Singh passes Woods; $10 million mark is next
Singh broke the PGA Tour single-year money record Woods set while winning three majors in 2000, holding off Stewart Cink to win the 84 Lumber Classic by one shot Sunday for his third consecutive victory.
Singh's eighth championship this year pushed his money total to $9,455,566 in 26 events, surpassing Woods' $9,188,321 while he was winning nine times in 20 events in 2000. With Singh expecting to play four more times, he could become the first to win $10 million in one year.
"I'm going to try," Singh said.
Singh led from start to finish for his fifth victory in six tournaments, the best such streak since Woods won six in a row to end 1999 and start 2000. Singh has won seven times in his last 16 events. Since 1960, only four players have reached eight wins in a season: Singh, Woods (nine in 2000, eight in 1999), Johnny Miller (eight in 1974) and Arnold Palmer (eight in 1962 and in 1960).
In only three weeks, Singh has ended Woods' five years-plus run as the world's No. 1-ranked golfer and taken away one of Woods' lines in the PGA record book. Maybe that's why Woods pulled out of the 84 Lumber after unexpectedly committing last week -- he didn't want to see Singh knock him out of yet another lead.
Singh had a three-under 69 Sunday, his third round in the 60s in four days, to finish at 15-under 273. Cink, five off the lead when the day started, had five straight birdies from No. 7 through No. 11 to make a move, but a bogey on the par-4 14th dropped him three back. Singh then held on despite a bogey on the par-4 18th.
"I want to win, I want to play well and it's a good habit (to get into)," Singh said. "I had my driver working, my irons working and I made the putts I needed to make."
Again, Singh's exceptional fairway play allowed him to excel on a long course. Of the eight longest courses on the PGA Tour this year, Singh won on four -- including the PGA at Whistling Straits. The mountaintop Mystic Rock course where the 84 Lumber is played was lengthened by about 400 yards to 7,471 yards after J.L. Lewis won last year at 22 under.
Singh is only 146th in driving accuracy despite being 11th in length, but is the best on the tour in greens hit in regulation. No matter where his drives go -- and only about half the time do they land in the fairway -- he's still putting for birdie or par.
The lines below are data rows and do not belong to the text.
(* Let $(p_{ij})_{i,j\in\{0,1\}}$ be a transition matrix with all $p_{ij}\in(0,1)$ and $p_{ij}\ne\tfrac12$ for some $(i,j)$, and for $i\in\{0,1\}$, $n\in\mathbb N_0$ let $I_n^i$ be binomially $B(n,p_{i0})$ distributed. Let $(a_i(n))_{n\in\mathbb N_0}$, $(\varepsilon_i(n))_{n\in\mathbb N_0}$, $i\in\{0,1\}$, be real sequences satisfying $$a_i(n)=p_{i0}\mathbb E[a_0(I_n^i)]+p_{i1}\mathbb E[a_1(n-I_n^i)]+\varepsilon_i(n),\qquad i\in\{0,1\},\ n\in\mathbb N.$$ If $\varepsilon_i(n)=c_i+O(n^{-\alpha})$ for constants $c_i\in\mathbb R$, some $\alpha>0$ and both $i$, then as $n\to\infty$ $$a_i(n)=\frac{\pi_0c_0+\pi_1c_1}{H}\log n+O(1),\qquad i\in\{0,1\}.$$
   Context: $\pi_0=p_{10}/(p_{01}+p_{10})$, $\pi_1=p_{01}/(p_{01}+p_{10})$, $H_i=-\sum_{j}p_{ij}\log p_{ij}$, $H=\pi_0H_0+\pi_1H_1$. *)

theory Defs
  imports "HOL-Probability.Probability" "HOL-Library.Landau_Symbols"
begin

definition stat_pi :: "(nat \<Rightarrow> nat \<Rightarrow> real) \<Rightarrow> nat \<Rightarrow> real" where
  "stat_pi p i = (if i = 0 then p 1 0 / (p 0 1 + p 1 0) else p 0 1 / (p 0 1 + p 1 0))"

definition row_entropy :: "(nat \<Rightarrow> nat \<Rightarrow> real) \<Rightarrow> nat \<Rightarrow> real" where
  "row_entropy p i = - (\<Sum>j\<in>{0,1}. p i j * ln (p i j))"

definition entropy_rate :: "(nat \<Rightarrow> nat \<Rightarrow> real) \<Rightarrow> real" where
  "entropy_rate p = stat_pi p 0 * row_entropy p 0 + stat_pi p 1 * row_entropy p 1"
And while Woods started winning barely weeks after joining the tour in 1996, the 41-year-old Singh's career keeps getting better the older he gets. Never a winner on the PGA Tour until he was 30, he now has 23 career victories, all in his 30s and 40s -- 12 since last year. His 11 wins since turning 40 is best among active PGA Tour players.
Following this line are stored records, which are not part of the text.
section \<open>Evaluation of the mixture through the integral I\<close>

lemma nn_integral_indicator_exp_neg: "(\<integral>\<^sup>+x. ennreal (indicator {0..} x * exp (- x)) \<partial>lborel) = 1"
proof -
  interpret prob_space "density lborel (exponential_density 1)"
    by (rule prob_space_exponential_density) simp
  have "exponential_density 1 x = indicator {0..} x * exp (- x)" for x
    by (simp add: exponential_density_def split: split_indicator)
  then show ?thesis
    using emeasure_space_1 by (simp add: emeasure_density)
qed

lemma Iint_integrand_le:
  fixes x e1 e2 b1 b2 lam :: real
  assumes "x \<ge> 0" "e1 \<ge> 0" "e2 \<ge> 0" "lam \<ge> 0"
  shows "exp (- (x + b1 / (1 + e1 * x) + b2 / (1 + e2 * x))) / ((1 + e1 * x) powr lam * (1 + e2 * x))
    \<le> exp (\<bar>b1\<bar> + \<bar>b2\<bar>) * exp (- x)"
proof -
  have A: "1 + e1 * x \<ge> 1" and B: "1 + e2 * x \<ge> 1"
    using assms by simp_all
  have div_ge: "- \<bar>b\<bar> \<le> b / D" if D: "D \<ge> 1" for b D :: real
  proof (cases "b \<ge> 0")
    case True
    then have "0 \<le> b / D"
      using D by simp
    with True show ?thesis
      by linarith
  next
    case False
    then have "b \<le> b / D"
      using D by (simp add: le_divide_eq mult_le_cancel_left1)
    with False show ?thesis
      by simp
  qed
  have "- \<bar>b1\<bar> \<le> b1 / (1 + e1 * x)" and "- \<bar>b2\<bar> \<le> b2 / (1 + e2 * x)"
    using div_ge A B by simp_all
  then have E: "exp (- (x + b1 / (1 + e1 * x) + b2 / (1 + e2 * x))) \<le> exp (\<bar>b1\<bar> + \<bar>b2\<bar>) * exp (- x)"
    by (simp add: exp_add[symmetric])
  have "1 * 1 \<le> (1 + e1 * x) powr lam * (1 + e2 * x)"
    by (rule mult_mono[OF ge_one_powr_ge_zero[OF A assms(4)] B]) simp_all
  then have "exp (- (x + b1 / (1 + e1 * x) + b2 / (1 + e2 * x))) / ((1 + e1 * x) powr lam * (1 + e2 * x))
      \<le> exp (- (x + b1 / (1 + e1 * x) + b2 / (1 + e2 * x))) / 1"
    by (intro divide_left_mono) simp_all
  with E show ?thesis
    by simp
qed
"Look at Jay Haas, he's 50 years old and still competing," Singh said. "I'm only 41. So I've got nine more years to catch him. So I think I will go year by year and see what happens."
Still, Singh willingly concedes this: As good as 2004 has been to him, it's not comparable to Woods' 2000 because Woods won the U.S. Open, British Open and PGA. Singh's only major win came at the PGA.
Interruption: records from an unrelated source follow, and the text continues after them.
lemma Qfun_f_log:
  assumes r: "r > 0" and x: "x \<ge> 0"
  shows "Qfun f_log r x = r * Q_log (x / r)"
proof (cases "x / r \<le> exp 1 - 1")
  case True
  then have "x \<le> r * (exp 1 - 1)"
    using r by (simp add: field_simps)
  moreover have "scaled f_log r x = ln (exp 1 - x / r)"
    using True x r by (simp add: scaled_def f_log_def)
  ultimately have "Qfun f_log r x = x * ln (exp 1 - x / r)
          + (r * ((exp 1 - x / r) * ln (exp 1 - x / r) - (exp 1 - x / r)) + r)"
    unfolding Qfun_def using integral_unique[OF has_integral_scaled_f_log[OF r x]] by simp
  also have "\<dots> = r * (exp 1 * ln (exp 1 - x / r) - exp 1 + x / r + 1)"
    using r by (simp add: algebra_simps)
  finally show ?thesis
    using True by (simp add: Q_log_def)
next
  case False
  have "(scaled f_log r has_integral 0) {x..}"
  proof (rule has_integral_is_0)
    fix y assume "y \<in> {x..}"
    then have "x / r \<le> y / r"
      using r by (simp add: divide_right_mono)
    then show "scaled f_log r y = 0"
      using False by (simp add: scaled_def f_log_def)
  qed
  from integral_unique[OF this] show ?thesis
    using False r by (simp add: Qfun_def scaled_def[of f_log r x] f_log_def Q_log_def min_def)
qed

lemma Pfun_f_log:
  assumes "u > 0" "x \<ge> 0" "r > 0"
  shows "Pfun f_log u r x = u * r * Q_log (x / (u * r))"
  using assms by (simp add: Pfun_def Qfun_f_log divide_divide_eq_left)

lemma total_pay_f_log:
  assumes "\<forall>i\<in>S. u i > 0" "\<forall>i\<in>S. d i \<ge> 0" "r > 0"
  shows "total_pay f_log S u d r = (\<Sum>i\<in>S. u i * r * Q_log (d i / (u i * r)))"
  unfolding total_pay_def using assms by (intro sum.cong) (auto simp: Pfun_f_log)

lemma Q_log_antimono:
  assumes "0 \<le> s" "s \<le> t"
  shows "Q_log t \<le> Q_log s"
proof -
  define a where "a = min s (exp 1 - 1)"
  define b where "b = min t (exp 1 - 1)"
  have ab: "0 \<le> a" "a \<le> b" "b \<le> exp 1 - 1"
    using assms exp_1_ge_2 by (auto simp: a_def b_def)
  have "ln (exp 1 - b) - ln (exp 1 - a) \<le> ((exp 1 - b) - (exp 1 - a)) / (exp 1 - a)"
    using ab by (intro ln_diff_le) auto
  also have "\<dots> = (a - b) / (exp 1 - a)"
    by simp
  also have "\<dots> \<le> (a - b) / exp 1"
    using ab exp_1_ge_2 by (intro divide_left_mono_neg) auto
  finally have "exp 1 * (ln (exp 1 - b) - ln (exp 1 - a)) \<le> a - b"
    by (simp add: field_simps)
  then show ?thesis
    unfolding Q_log_def a_def[symmetric] b_def[symmetric] by (simp add: algebra_simps)
qed

lemma Q_log_0: "Q_log 0 = 1"
  using exp_1_ge_2 by (simp add: Q_log_def min_def)

lemma Q_log_nonneg:
  assumes "t \<ge> 0"
  shows "Q_log t \<ge> 0"
proof -
  have "Q_log (t + (exp 1 - 1)) = 0"
    using assms by (simp add: Q_log_def)
  then show ?thesis
    using Q_log_antimono[of t "t + (exp 1 - 1)"] assms exp_1_ge_2 by simp
qed

lemma Q_log_le_1: "t \<ge> 0 \<Longrightarrow> Q_log t \<le> 1"
  using Q_log_antimono[of 0 t] Q_log_0 by simp

lemma Q_log_ge_one_minus:
  assumes "t \<ge> 0"
  shows "1 - t \<le> Q_log t"
proof (cases "t \<le> 1")
  case False
  then show ?thesis
    using Q_log_nonneg[OF assms] by simp
next
  case True
  have pos: "exp 1 - t \<ge> exp 1 / 2"
    using True exp_1_ge_2 by simp
  have "ln (exp 1) - ln (exp 1 - t) \<le> (exp 1 - (exp 1 - t)) / (exp 1 - t)"
    using pos exp_1_ge_2 by (intro ln_diff_le) auto
  also have "\<dots> = t / (exp 1 - t)"
    by simp
  also have "\<dots> \<le> t / (exp 1 / 2)"
    using pos assms exp_1_ge_2 by (intro divide_left_mono) auto
  finally have "exp 1 - 2 * t \<le> exp 1 * ln (exp 1 - t)"
    by (simp add: field_simps)
  moreover have "min t (exp 1 - 1) = t"
    using True exp_1_ge_2 by simp
  ultimately show ?thesis
    by (simp add: Q_log_def)
qed

lemma Q_log_payment_ge:
  assumes "a > 0" "x \<ge> 0"
  shows "a - x \<le> a * Q_log (x / a)"
proof -
  have "a - x = a * (1 - x / a)"
    using assms by (simp add: field_simps)
  also have "\<dots> \<le> a * Q_log (x / a)"
    using assms by (intro mult_left_mono Q_log_ge_one_minus) auto
  finally show ?thesis .
qed

lemma continuous_on_Q_log [continuous_intros]:
  "continuous_on A g \<Longrightarrow> continuous_on A (\<lambda>x. Q_log (g x))"
  unfolding Q_log_def by (intro continuous_intros) (auto simp: min_def)

context
  fixes S :: "'a set" and u d :: "'a \<Rightarrow> real"
  assumes u_pos: "\<forall>i\<in>S. u i > 0" and d_nonneg: "\<forall>i\<in>S. d i \<ge> 0"
begin

lemma continuous_on_total_pay_f_log: "continuous_on {0<..} (total_pay f_log S u d)"
proof -
  have "continuous_on {0<..} (\<lambda>r. \<Sum>i\<in>S. u i * r * Q_log (d i / (u i * r)))"
    using u_pos by (intro continuous_intros) auto
  then show ?thesis
    by (rule continuous_on_cong[THEN iffD1, rotated 2])
      (auto simp: total_pay_f_log u_pos d_nonneg)
qed

lemma total_pay_f_log_le: "r > 0 \<Longrightarrow> total_pay f_log S u d r \<le> r * (\<Sum>i\<in>S. u i)"
  unfolding total_pay_f_log[OF u_pos d_nonneg] sum_distrib_left
  using u_pos d_nonneg by (intro sum_mono) (auto intro!: mult_left_le Q_log_le_1 simp: mult.commute)

lemma total_pay_f_log_ge:
  assumes "finite S" "k \<in> S" "r > 0"
  shows "u k * r - d k \<le> total_pay f_log S u d r"
proof -
  have "u k * r - d k \<le> u k * r * Q_log (d k / (u k * r))"
    using assms u_pos d_nonneg by (intro Q_log_payment_ge) auto
  also have "\<dots> \<le> total_pay f_log S u d r"
    unfolding total_pay_f_log[OF u_pos d_nonneg \<open>r > 0\<close>] using assms u_pos d_nonneg
    by (intro member_le_sum) (auto intro!: mult_nonneg_nonneg Q_log_nonneg)
  finally show ?thesis .
qed

lemma total_pay_f_log_rescale:
  assumes "0 < \<rho>" "\<rho> \<le> r"
  shows "total_pay f_log S u d \<rho> \<le> \<rho> / r * total_pay f_log S u d r"
proof -
  have "u i * \<rho> * Q_log (d i / (u i * \<rho>)) \<le> \<rho> / r * (u i * r * Q_log (d i / (u i * r)))"
    if i: "i \<in> S" for i
  proof -
    have "d i / (u i * r) \<le> d i / (u i * \<rho>)"
      using i u_pos d_nonneg assms by (intro divide_left_mono mult_left_mono) auto
    then have "Q_log (d i / (u i * \<rho>)) \<le> Q_log (d i / (u i * r))"
      using i u_pos d_nonneg assms by (intro Q_log_antimono) auto
    then show ?thesis
      using i u_pos assms by (simp add: mult_left_mono)
  qed
  then have "(\<Sum>i\<in>S. u i * \<rho> * Q_log (d i / (u i * \<rho>)))
             \<le> (\<Sum>i\<in>S. \<rho> / r * (u i * r * Q_log (d i / (u i * r))))"
    by (rule sum_mono)
  then show ?thesis
    using assms by (simp add: total_pay_f_log u_pos d_nonneg sum_distrib_left)
qed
"Tiger won three majors, so I don't really look at it that way," he said. "I'm just trying to enjoy this. I don't think I can play any better than I am right now." Sunday's championship was Singh's 45th worldwide, starting 20 years ago with the 1984 Malaysian PGA Championship. After passing his latest money milestone, he ranks second all-time in career earnings at $35,310,489.
Singh was coming off victories in the Deutsche Bank Championship and the Canadian Open before sitting out the Ryder Cup -- as a native of Fiji, he was not eligible. He got off to a fast start at the 84 Lumber with a best-of-the-tournament 64 on Thursday.
Singh dropped out of the solo lead only once Sunday, when a bogey at No. 3 briefly dropped him into a three-way tie with DiMarco and Jonathan Byrd. But Singh birdied the par-4 No. 4 to regain the lead and never gave it back, expanding it to four shots at one point with birdies on No. 11 and 13. Singh then held on even after Cink birdied No. 16 and No. 17 during his 7-under 65.
Cink followed an uncharacteristic bad Sunday -- he lost to Paul McGinley 3 and 2 a week ago while going 1-2-1 at the Ryder Cup -- with another good one. The $453,600 he made for finishing second pushed his yearly total to $4,279,670, or about $150,000 behind No. 4 Ernie Els.